Unicode has a single character U+FB03 (aka LATIN SMALL LIGATURE FFI) to represent ligature ffi. Searching and comparison for this character might be tricky (as one might use 3 ASCII characters on input).
To show how tricky might be digits, we will use superscript digit ⁵ (aka SUPERSCRIPT FIVE) with code point U+2075 and ② (aka CIRCLED DIGIT TWO) with code point U+2461.

Now, we have enough data to understand why Unicode supports four normalization forms (for details see Unicode Standard Annex #15):

Long name	Abbr. name	Description
Normalization Form D	NFD	Canonical decomposition.
Normalization Form C	NFC	Canonical decomposition followed by canonical composition.
Normalization Form KD	NFKD	Compatibility decomposition.
Normalization Form KC	NFKC	Compatibility decomposition followed by canonical composition.

For the following examples, we might use escaping of Unicode code points used e.g. by Rust programming language. There is each Unicode character presented as \u{x} where x is 1—6 hexadecimal characters while all usual characters will be kept.

Example 1: Let us use have a word áhój (truly non-existing word, but simple enough for our purpose). Due to having there 2 special characters, we might see it in 4 different forms:

\u{e1}h\u{f3}j as fully composed form,

a\u{301}ho\u{301}j as fully decomposed form,

and denormalized forms of \u{e1}ho\u{301}j, resp. a\u{301}h\u{f3}j.

Mind that those forms cannot be compared to be equal (although they are graphically represented to be exactly the same) and space storage is also different. All possible combinations are captured by the following table:

x NFC(x) or NFKC(x) NFD(x) or NFKD(x)

\u{e1}h\u{f3}j \u{e1}h\u{f3}j (no-op) a\u{301}ho\u{301}j

\u{e1}ho\u{301}j \u{e1}h\u{f3}j a\u{301}ho\u{301}j

a\u{301}h\u{f3}j \u{e1}h\u{f3}j a\u{301}ho\u{301}j

a\u{301}ho\u{301}j \u{e1}h\u{f3}j a\u{301}ho\u{301}j (no-op)

Summary: Algorithms for normalization are stable and idempotent. For the given input, compatibility decomposition had no effect.

x	NFC(x) or NFKC(x)	NFD(x) or NFKD(x)
`\u{e1}h\u{f3}j`	`\u{e1}h\u{f3}j` (no-op)	`a\u{301}ho\u{301}j`
`\u{e1}ho\u{301}j`	`\u{e1}h\u{f3}j`	`a\u{301}ho\u{301}j`
`a\u{301}h\u{f3}j`	`\u{e1}h\u{f3}j`	`a\u{301}ho\u{301}j`
`a\u{301}ho\u{301}j`	`\u{e1}h\u{f3}j`	`a\u{301}ho\u{301}j` (no-op)

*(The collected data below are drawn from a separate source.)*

lemma sqrt_sech_sq: "(sqrt_sech \<mu>)\<^sup>2 = 1 / cosh (pi * \<mu>)"
  by (simp add: sqrt_sech_def power_divide)

lemma sqrt_sech_arcosh:
  assumes "0 < t" "t \<le> 1"
  shows "sqrt_sech (arcosh (1 / t\<^sup>2) / pi) = t"
proof -
  have "1 \<le> 1 / t\<^sup>2" using assms by (simp add: field_simps power_le_one)
  then show ?thesis
    using assms by (simp add: sqrt_sech_def real_sqrt_divide)
qed

lemma sqrt_sech_approx:
  assumes "0 \<le> t" "t \<le> 1" "0 < \<epsilon>"
  shows "\<exists>a b. 0 < a \<and> a < b \<and> (\<forall>\<mu>\<in>{a..b}. \<bar>sqrt_sech \<mu> - t\<bar> \<le> \<epsilon>)"
proof -
  \<comment> \<open>The value 0 is not attained, so approximate a positive t' first.\<close>
  define t' where "t' = (if 0 < t then t else min (\<epsilon> / 2) 1)"
  have t': "0 < t'" "t' \<le> 1" "\<bar>t' - t\<bar> \<le> \<epsilon> / 2"
    using assms by (auto simp: t'_def)
  define x where "x = arcosh (1 / t'\<^sup>2) / pi"
  have "0 \<le> x" using t' by (simp add: x_def field_simps power_le_one)
  obtain a b where ab: "x < a" "a < b" "\<forall>\<mu>\<in>{a..b}. \<bar>sqrt_sech \<mu> - sqrt_sech x\<bar> < \<epsilon> / 2"
    using isCont_interval_right[OF isCont_sqrt_sech, of "\<epsilon> / 2" x] assms(3) by auto
  have "sqrt_sech x = t'"
    unfolding x_def by (rule sqrt_sech_arcosh[OF t'(1,2)])
  have "\<bar>sqrt_sech \<mu> - t\<bar> \<le> \<epsilon>" if "\<mu> \<in> {a..b}" for \<mu>
  proof -
    have "\<bar>sqrt_sech \<mu> - t'\<bar> < \<epsilon> / 2"
      using ab(3) that \<open>sqrt_sech x = t'\<close> by auto
    then show ?thesis using t'(3) by arith
  qed
  then show ?thesis
    using \<open>0 \<le> x\<close> ab(1,2) by (intro exI[of _ a] exI[of _ b]) auto
qed

lemma norm_spectrum_end: "cmod spectrum_end = 1 / sqrt 2"
  by (simp add: spectrum_end_def norm_divide)

definition eigen_branch :: "real \<Rightarrow> real \<Rightarrow> complex" where
  "eigen_branch \<sigma> \<mu> = of_real (\<sigma> * sqrt_sech \<mu>) * spectrum_end"

lemma eigen_branch_sq:
  assumes "\<bar>\<sigma>\<bar> = 1"
  shows "(eigen_branch \<sigma> \<mu>)\<^sup>2 = Fpm \<mu> * Fmp \<mu>"
proof -
  have "(eigen_branch \<sigma> \<mu>)\<^sup>2 = of_real (\<bar>\<sigma>\<bar>\<^sup>2 * (sqrt_sech \<mu>)\<^sup>2) * spectrum_end\<^sup>2"
    by (simp add: eigen_branch_def power_mult_distrib)
  also have "\<dots> = \<i> / of_real (2 * cosh (pi * \<mu>))"
    using assms by (simp add: sqrt_sech_sq spectrum_end_sq)
  finally show ?thesis by (simp add: Fpm_mult_Fmp)
qed

lemma norm_eigen_branch_sq:
  assumes "\<bar>\<sigma>\<bar> = 1"
  shows "(cmod (eigen_branch \<sigma> \<mu>))\<^sup>2 = 1 / (2 * cosh (pi * \<mu>))"
  using assms
  by (simp add: eigen_branch_def norm_mult power_mult_distrib norm_spectrum_end sqrt_sech_sq power_divide)

lemma borel_measurable_eigen_branch [measurable]: "eigen_branch \<sigma> \<in> borel_measurable Mpos"
  unfolding eigen_branch_def using isCont_sqrt_sech
  by (intro borel_measurable_Mpos_continuous continuous_at_imp_continuous_on ballI continuous_intros) auto

lemma approx_eigenvector_on_interval:
  assumes "0 < a" "a < b" "\<bar>\<sigma>\<bar> = 1"
    and close: "\<And>\<mu>. \<mu> \<in> {a..b} \<Longrightarrow> cmod (eigen_branch \<sigma> \<mu> - lam) \<le> \<epsilon>"
  shows "\<exists>y\<in>Mspace. 0 < mnorm y \<and> MF_shift lam y \<in> Mspace
      \<and> mnorm (MF_shift lam y) \<le> 2 * \<epsilon> * mnorm y"
proof -
  define I where "I = {a..b}"
  \<comment> \<open>(Fpm \<mu>, eigen_branch \<sigma> \<mu>) is an eigenvector of F(\<mu>) for the eigenvalue eigen_branch \<sigma> \<mu>.\<close>
  define y :: mvec where
    "y = ((\<lambda>\<mu>. if \<mu> \<in> I then Fpm \<mu> else 0), (\<lambda>\<mu>. if \<mu> \<in> I then eigen_branch \<sigma> \<mu> else 0))"
  define w where "w \<mu> = (if \<mu> \<in> I then eigen_branch \<sigma> \<mu> - lam else 0)" for \<mu>
  have y_meas [measurable]: "fst y \<in> borel_measurable Mpos" "snd y \<in> borel_measurable Mpos"
    unfolding y_def I_def by simp_all measurable
  have [measurable]: "w \<in> borel_measurable Mpos"
    unfolding w_def I_def by measurable
  have "(cmod (fst y \<mu>))\<^sup>2 \<le> indicator I \<mu>" "(cmod (snd y \<mu>))\<^sup>2 \<le> indicator I \<mu>" for \<mu>
    using norm_Fpm_le_1[of \<mu>] norm_eigen_branch_sq[OF assms(3), of \<mu>] cosh_real_ge_1[of "pi * \<mu>"]
    by (auto simp: y_def power_le_one)
  then have y: "y \<in> Mspace"
    using L2pos_bound(1)[OF integral_indicator_Mpos(1)[of a b]] assms(1,2) y_meas
    by (auto simp: Mspace_def I_def)
  have "MF_shift lam y = mmult w (\<lambda>_. 0) (\<lambda>_. 0) w y"
    using eigen_branch_sq[OF assms(3)]
    by (auto simp: madd_def MF_def mscale_def mmult_def y_def w_def fun_eq_iff algebra_simps power2_eq_square)
  moreover note mmult_bounded[of w "\<lambda>_. 0" "\<lambda>_. 0" w \<epsilon>, OF _ _ _ _ _ _ _ _ y]
  moreover have "0 \<le> \<epsilon>"
    using order_trans[OF norm_ge_zero close[of a]] assms(1,2) by simp
  moreover have "cmod (w \<mu>) \<le> \<epsilon>" for \<mu>
    using close \<open>0 \<le> \<epsilon>\<close> by (simp add: w_def I_def)
  moreover have "0 < mnorm y"
  proof (rule mnorm_pos_if_snd_bounded_below[OF y assms(1,2)])
    show "0 < 1 / (2 * cosh (pi * b))" by simp
    show "1 / (2 * cosh (pi * b)) \<le> (cmod (snd y \<mu>))\<^sup>2" if "\<mu> \<in> {a..b}" for \<mu>
      using that assms(1)
      by (simp add: y_def I_def norm_eigen_branch_sq[OF assms(3)] frac_le cosh_real_nonneg_le_iff)
  qed
  ultimately show ?thesis
    using y by auto
qed

lemma approx_eigenvector_on_segment:
  assumes "lam \<in> closed_segment (- spectrum_end) spectrum_end" "0 < \<epsilon>"
  shows "\<exists>y\<in>Mspace. 0 < mnorm y \<and> MF_shift lam y \<in> Mspace
      \<and> mnorm (MF_shift lam y) \<le> \<epsilon> * mnorm y"
proof -
  obtain r where r: "\<bar>r\<bar> \<le> 1" "lam = of_real r * spectrum_end"
    using assms(1) by (auto simp: closed_segment_neg_iff scaleR_conv_of_real)
  define \<sigma> :: real where "\<sigma> = (if 0 \<le> r then 1 else -1)"
  obtain a b where ab: "0 < a" "a < b" "\<And>\<mu>. \<mu> \<in> {a..b} \<Longrightarrow> \<bar>sqrt_sech \<mu> - \<bar>r\<bar>\<bar> \<le> \<epsilon> / 2"
    using sqrt_sech_approx[of "\<bar>r\<bar>" "\<epsilon> / 2"] r(1) assms(2) by auto
  have \<sigma>: "\<bar>\<sigma>\<bar> = 1" by (simp add: \<sigma>_def)
  have close: "cmod (eigen_branch \<sigma> \<mu> - lam) \<le> \<epsilon> / 2" if "\<mu> \<in> {a..b}" for \<mu>
  proof -
    have "eigen_branch \<sigma> \<mu> - lam = of_real (\<sigma> * sqrt_sech \<mu> - r) * spectrum_end"
      unfolding eigen_branch_def r(2) by (simp add: algebra_simps)
    moreover have "\<bar>\<sigma> * sqrt_sech \<mu> - r\<bar> = \<bar>sqrt_sech \<mu> - \<bar>r\<bar>\<bar>"
      unfolding \<sigma>_def by (cases "0 \<le> r") auto
    ultimately have "cmod (eigen_branch \<sigma> \<mu> - lam) = \<bar>sqrt_sech \<mu> - \<bar>r\<bar>\<bar> / sqrt 2"
      by (simp only: norm_mult norm_of_real norm_spectrum_end) simp
    also have "\<dots> \<le> \<bar>sqrt_sech \<mu> - \<bar>r\<bar>\<bar>"
      by (simp add: divide_le_eq mult_le_cancel_left1)
    also have "\<dots> \<le> \<epsilon> / 2"
      using ab(3) that by simp
    finally show ?thesis .
  qed
  have "\<exists>y\<in>Mspace. 0 < mnorm y \<and> MF_shift lam y \<in> Mspace
      \<and> mnorm (MF_shift lam y) \<le> 2 * (\<epsilon> / 2) * mnorm y"
    by (rule approx_eigenvector_on_interval[OF ab(1,2) \<sigma> close])
  then show ?thesis by simp
qed

theorem theorem4p3:
  shows "MF_spectrum = closed_segment (- (cis (pi / 4) / complex_of_real (sqrt 2))) (cis (pi / 4) / complex_of_real (sqrt 2))"
proof -
  have "\<not> MF_resolvent lam \<longleftrightarrow> lam \<in> closed_segment (- spectrum_end) spectrum_end" for lam
    using MF_resolvent_outside_segment[of lam]
      not_MF_resolvent_if_approx_eigenvectors[OF approx_eigenvector_on_segment]
    by blast
  then show ?thesis
    unfolding MF_spectrum_def spectrum_end_def by blast
qed

end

Example 2: Vietnamese word Phở is will show us a different edge case. We have a character that might be either composed in a form of one, two, or three Unicode code points. Let us check whether a different composition of ở grapheme affects output of normalization algorithms:

x NFC(x) or NFKC(x) NFD(x) or NFKD(x)

Ph\u{1edf} Ph\u{1edf} (no-op) Pho\u{31b}\u{309}

Ph\u{01a1}\u{309} Ph\u{1edf} Pho\u{31b}\u{309}

Ph\u{1ecf}\u{31b} Ph\u{1edf} Pho\u{31b}\u{309}

Pho\u{309}\u{31b} Ph\u{1edf} Pho\u{31b}\u{309}

Pho\u{31b}\u{309} Ph\u{1edf} Pho\u{31b}\u{309} (no-op)

Summary: Order and composition of grapheme on the input side have no effect on any of normalized forms.

x	NFC(x) or NFKC(x)	NFD(x) or NFKD(x)
`Ph\u{1edf}`	`Ph\u{1edf}` (no-op)	`Pho\u{31b}\u{309}`
`Ph\u{01a1}\u{309}`	`Ph\u{1edf}`	`Pho\u{31b}\u{309}`
`Ph\u{1ecf}\u{31b}`	`Ph\u{1edf}`	`Pho\u{31b}\u{309}`
`Pho\u{309}\u{31b}`	`Ph\u{1edf}`	`Pho\u{31b}\u{309}`
`Pho\u{31b}\u{309}`	`Ph\u{1edf}`	`Pho\u{31b}\u{309}` (no-op)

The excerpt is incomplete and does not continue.